[Collected data]
++++++++++++++++++++

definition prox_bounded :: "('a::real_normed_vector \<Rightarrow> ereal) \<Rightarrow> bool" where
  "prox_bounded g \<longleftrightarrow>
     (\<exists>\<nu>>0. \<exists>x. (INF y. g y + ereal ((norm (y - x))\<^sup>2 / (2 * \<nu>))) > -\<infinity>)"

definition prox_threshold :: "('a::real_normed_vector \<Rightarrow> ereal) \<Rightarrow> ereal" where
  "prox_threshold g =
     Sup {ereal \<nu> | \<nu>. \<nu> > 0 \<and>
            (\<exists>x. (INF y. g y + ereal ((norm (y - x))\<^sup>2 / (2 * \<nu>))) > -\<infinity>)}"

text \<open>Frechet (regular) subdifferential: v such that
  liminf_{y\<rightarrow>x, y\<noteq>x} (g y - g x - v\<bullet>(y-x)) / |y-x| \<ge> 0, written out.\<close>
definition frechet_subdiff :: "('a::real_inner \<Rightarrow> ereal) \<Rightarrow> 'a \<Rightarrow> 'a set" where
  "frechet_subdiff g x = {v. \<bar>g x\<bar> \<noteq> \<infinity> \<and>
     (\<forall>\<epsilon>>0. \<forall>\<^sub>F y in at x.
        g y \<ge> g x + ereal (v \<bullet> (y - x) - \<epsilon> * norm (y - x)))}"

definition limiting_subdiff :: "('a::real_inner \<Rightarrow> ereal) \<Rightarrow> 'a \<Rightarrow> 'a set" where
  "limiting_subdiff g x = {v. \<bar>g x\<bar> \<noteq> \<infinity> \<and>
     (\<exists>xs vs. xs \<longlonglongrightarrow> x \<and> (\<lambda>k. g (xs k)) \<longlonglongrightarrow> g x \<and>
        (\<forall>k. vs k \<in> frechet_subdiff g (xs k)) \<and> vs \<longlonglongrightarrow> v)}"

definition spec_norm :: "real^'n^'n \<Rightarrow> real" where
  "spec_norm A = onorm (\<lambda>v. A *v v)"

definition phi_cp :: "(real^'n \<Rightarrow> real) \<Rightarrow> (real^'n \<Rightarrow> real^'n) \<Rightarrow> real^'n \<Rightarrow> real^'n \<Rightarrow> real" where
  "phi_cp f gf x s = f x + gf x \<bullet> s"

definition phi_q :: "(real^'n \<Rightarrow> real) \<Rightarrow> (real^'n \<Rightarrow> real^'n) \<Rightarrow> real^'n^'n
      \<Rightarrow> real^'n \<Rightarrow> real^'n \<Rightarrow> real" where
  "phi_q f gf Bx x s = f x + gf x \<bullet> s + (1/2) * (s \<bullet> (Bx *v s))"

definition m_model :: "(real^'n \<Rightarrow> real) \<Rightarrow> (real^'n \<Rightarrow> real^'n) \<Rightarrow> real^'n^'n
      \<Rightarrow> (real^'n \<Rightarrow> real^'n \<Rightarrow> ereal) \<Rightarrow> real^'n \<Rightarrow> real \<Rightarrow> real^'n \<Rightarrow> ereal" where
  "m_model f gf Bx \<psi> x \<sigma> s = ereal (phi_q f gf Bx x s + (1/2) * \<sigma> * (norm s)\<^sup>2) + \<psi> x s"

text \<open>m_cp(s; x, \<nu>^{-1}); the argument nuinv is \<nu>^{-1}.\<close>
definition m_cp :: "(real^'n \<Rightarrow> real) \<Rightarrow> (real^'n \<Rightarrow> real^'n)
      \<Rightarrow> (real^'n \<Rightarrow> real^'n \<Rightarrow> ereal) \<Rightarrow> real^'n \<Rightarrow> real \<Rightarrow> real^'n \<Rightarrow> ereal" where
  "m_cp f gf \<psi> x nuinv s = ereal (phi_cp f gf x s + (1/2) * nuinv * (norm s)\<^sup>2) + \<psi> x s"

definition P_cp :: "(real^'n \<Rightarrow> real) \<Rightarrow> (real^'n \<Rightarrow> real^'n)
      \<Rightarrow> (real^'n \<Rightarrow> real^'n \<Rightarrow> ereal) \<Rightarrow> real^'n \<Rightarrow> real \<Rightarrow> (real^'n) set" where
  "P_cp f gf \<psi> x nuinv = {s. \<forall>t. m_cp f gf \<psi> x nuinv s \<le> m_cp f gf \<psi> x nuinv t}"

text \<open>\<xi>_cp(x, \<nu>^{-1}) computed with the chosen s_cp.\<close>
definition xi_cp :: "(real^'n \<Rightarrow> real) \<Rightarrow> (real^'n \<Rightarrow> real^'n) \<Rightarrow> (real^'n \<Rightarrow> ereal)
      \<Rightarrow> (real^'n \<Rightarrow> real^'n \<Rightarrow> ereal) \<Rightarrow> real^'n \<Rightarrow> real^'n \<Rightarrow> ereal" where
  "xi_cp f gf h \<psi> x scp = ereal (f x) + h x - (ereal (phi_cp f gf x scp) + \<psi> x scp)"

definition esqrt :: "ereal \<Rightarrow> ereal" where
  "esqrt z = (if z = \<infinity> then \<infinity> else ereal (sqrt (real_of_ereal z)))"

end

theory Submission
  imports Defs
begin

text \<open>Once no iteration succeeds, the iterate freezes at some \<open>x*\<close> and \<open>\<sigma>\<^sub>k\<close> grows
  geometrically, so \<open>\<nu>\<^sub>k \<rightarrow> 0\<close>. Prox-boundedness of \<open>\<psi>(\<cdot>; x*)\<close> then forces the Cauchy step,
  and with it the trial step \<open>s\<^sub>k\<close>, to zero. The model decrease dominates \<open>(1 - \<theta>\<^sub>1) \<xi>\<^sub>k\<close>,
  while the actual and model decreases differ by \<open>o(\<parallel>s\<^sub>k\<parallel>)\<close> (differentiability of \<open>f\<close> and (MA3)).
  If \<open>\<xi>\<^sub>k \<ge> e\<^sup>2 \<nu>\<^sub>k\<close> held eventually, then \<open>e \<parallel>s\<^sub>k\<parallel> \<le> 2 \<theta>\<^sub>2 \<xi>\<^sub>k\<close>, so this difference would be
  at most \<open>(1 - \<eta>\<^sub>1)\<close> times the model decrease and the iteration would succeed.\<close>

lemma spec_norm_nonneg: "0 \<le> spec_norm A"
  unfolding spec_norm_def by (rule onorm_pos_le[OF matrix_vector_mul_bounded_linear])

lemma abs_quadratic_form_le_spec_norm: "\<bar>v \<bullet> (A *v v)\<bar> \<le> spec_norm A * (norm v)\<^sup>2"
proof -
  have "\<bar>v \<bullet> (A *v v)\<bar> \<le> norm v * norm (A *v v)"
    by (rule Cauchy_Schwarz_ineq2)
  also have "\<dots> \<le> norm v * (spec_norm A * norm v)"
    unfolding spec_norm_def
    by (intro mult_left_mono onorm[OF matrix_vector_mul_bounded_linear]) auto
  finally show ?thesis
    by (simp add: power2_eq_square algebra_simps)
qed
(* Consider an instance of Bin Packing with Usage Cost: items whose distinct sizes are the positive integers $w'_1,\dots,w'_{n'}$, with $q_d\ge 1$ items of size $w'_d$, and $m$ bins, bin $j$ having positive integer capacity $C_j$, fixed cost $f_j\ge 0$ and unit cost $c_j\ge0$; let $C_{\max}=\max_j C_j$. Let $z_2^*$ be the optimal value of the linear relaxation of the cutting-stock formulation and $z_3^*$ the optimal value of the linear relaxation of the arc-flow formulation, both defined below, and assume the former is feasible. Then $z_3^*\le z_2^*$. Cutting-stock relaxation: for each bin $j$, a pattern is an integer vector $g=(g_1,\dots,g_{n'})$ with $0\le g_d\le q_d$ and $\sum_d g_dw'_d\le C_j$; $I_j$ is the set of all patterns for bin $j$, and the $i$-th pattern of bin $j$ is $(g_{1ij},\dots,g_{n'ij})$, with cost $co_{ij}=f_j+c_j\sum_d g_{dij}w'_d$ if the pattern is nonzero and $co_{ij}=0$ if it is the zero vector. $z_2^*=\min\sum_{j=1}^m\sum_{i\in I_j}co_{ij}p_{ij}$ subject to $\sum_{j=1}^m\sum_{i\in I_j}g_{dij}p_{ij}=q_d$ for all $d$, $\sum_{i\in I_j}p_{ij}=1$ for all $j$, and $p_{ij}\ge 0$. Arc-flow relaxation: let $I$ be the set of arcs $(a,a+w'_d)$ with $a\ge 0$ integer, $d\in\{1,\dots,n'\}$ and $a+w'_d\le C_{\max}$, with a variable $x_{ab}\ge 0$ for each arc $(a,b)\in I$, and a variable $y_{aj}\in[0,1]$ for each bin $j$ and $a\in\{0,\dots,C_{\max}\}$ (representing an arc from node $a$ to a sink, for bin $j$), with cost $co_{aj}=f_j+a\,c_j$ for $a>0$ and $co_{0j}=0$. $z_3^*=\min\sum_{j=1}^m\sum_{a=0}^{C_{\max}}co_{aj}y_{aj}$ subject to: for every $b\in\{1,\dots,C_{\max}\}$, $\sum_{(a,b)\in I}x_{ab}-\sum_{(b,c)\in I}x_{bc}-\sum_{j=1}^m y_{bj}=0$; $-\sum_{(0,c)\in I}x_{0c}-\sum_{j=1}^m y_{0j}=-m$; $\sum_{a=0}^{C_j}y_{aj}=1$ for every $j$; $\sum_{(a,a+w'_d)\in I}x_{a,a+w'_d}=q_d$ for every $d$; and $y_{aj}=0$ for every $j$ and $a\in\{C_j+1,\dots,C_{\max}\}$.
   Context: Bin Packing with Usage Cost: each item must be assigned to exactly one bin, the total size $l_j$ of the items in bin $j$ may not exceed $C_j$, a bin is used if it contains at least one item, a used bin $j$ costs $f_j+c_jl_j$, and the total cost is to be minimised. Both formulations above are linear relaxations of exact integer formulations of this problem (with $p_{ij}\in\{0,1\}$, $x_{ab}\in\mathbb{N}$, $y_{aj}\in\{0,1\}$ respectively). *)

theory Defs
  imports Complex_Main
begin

++++++++++++++++++++

→ Task item: For every line above that includes the string "nuinv", copy the line.

→ Reply to the task:
text \<open>m_cp(s; x, \<nu>^{-1}); the argument nuinv is \<nu>^{-1}.\<close>
  "m_cp f gf \<psi> x nuinv s = ereal (phi_cp f gf x s + (1/2) * nuinv * (norm s)\<^sup>2) + \<psi> x s"
  "P_cp f gf \<psi> x nuinv = {s. \<forall>t. m_cp f gf \<psi> x nuinv s \<le> m_cp f gf \<psi> x nuinv t}"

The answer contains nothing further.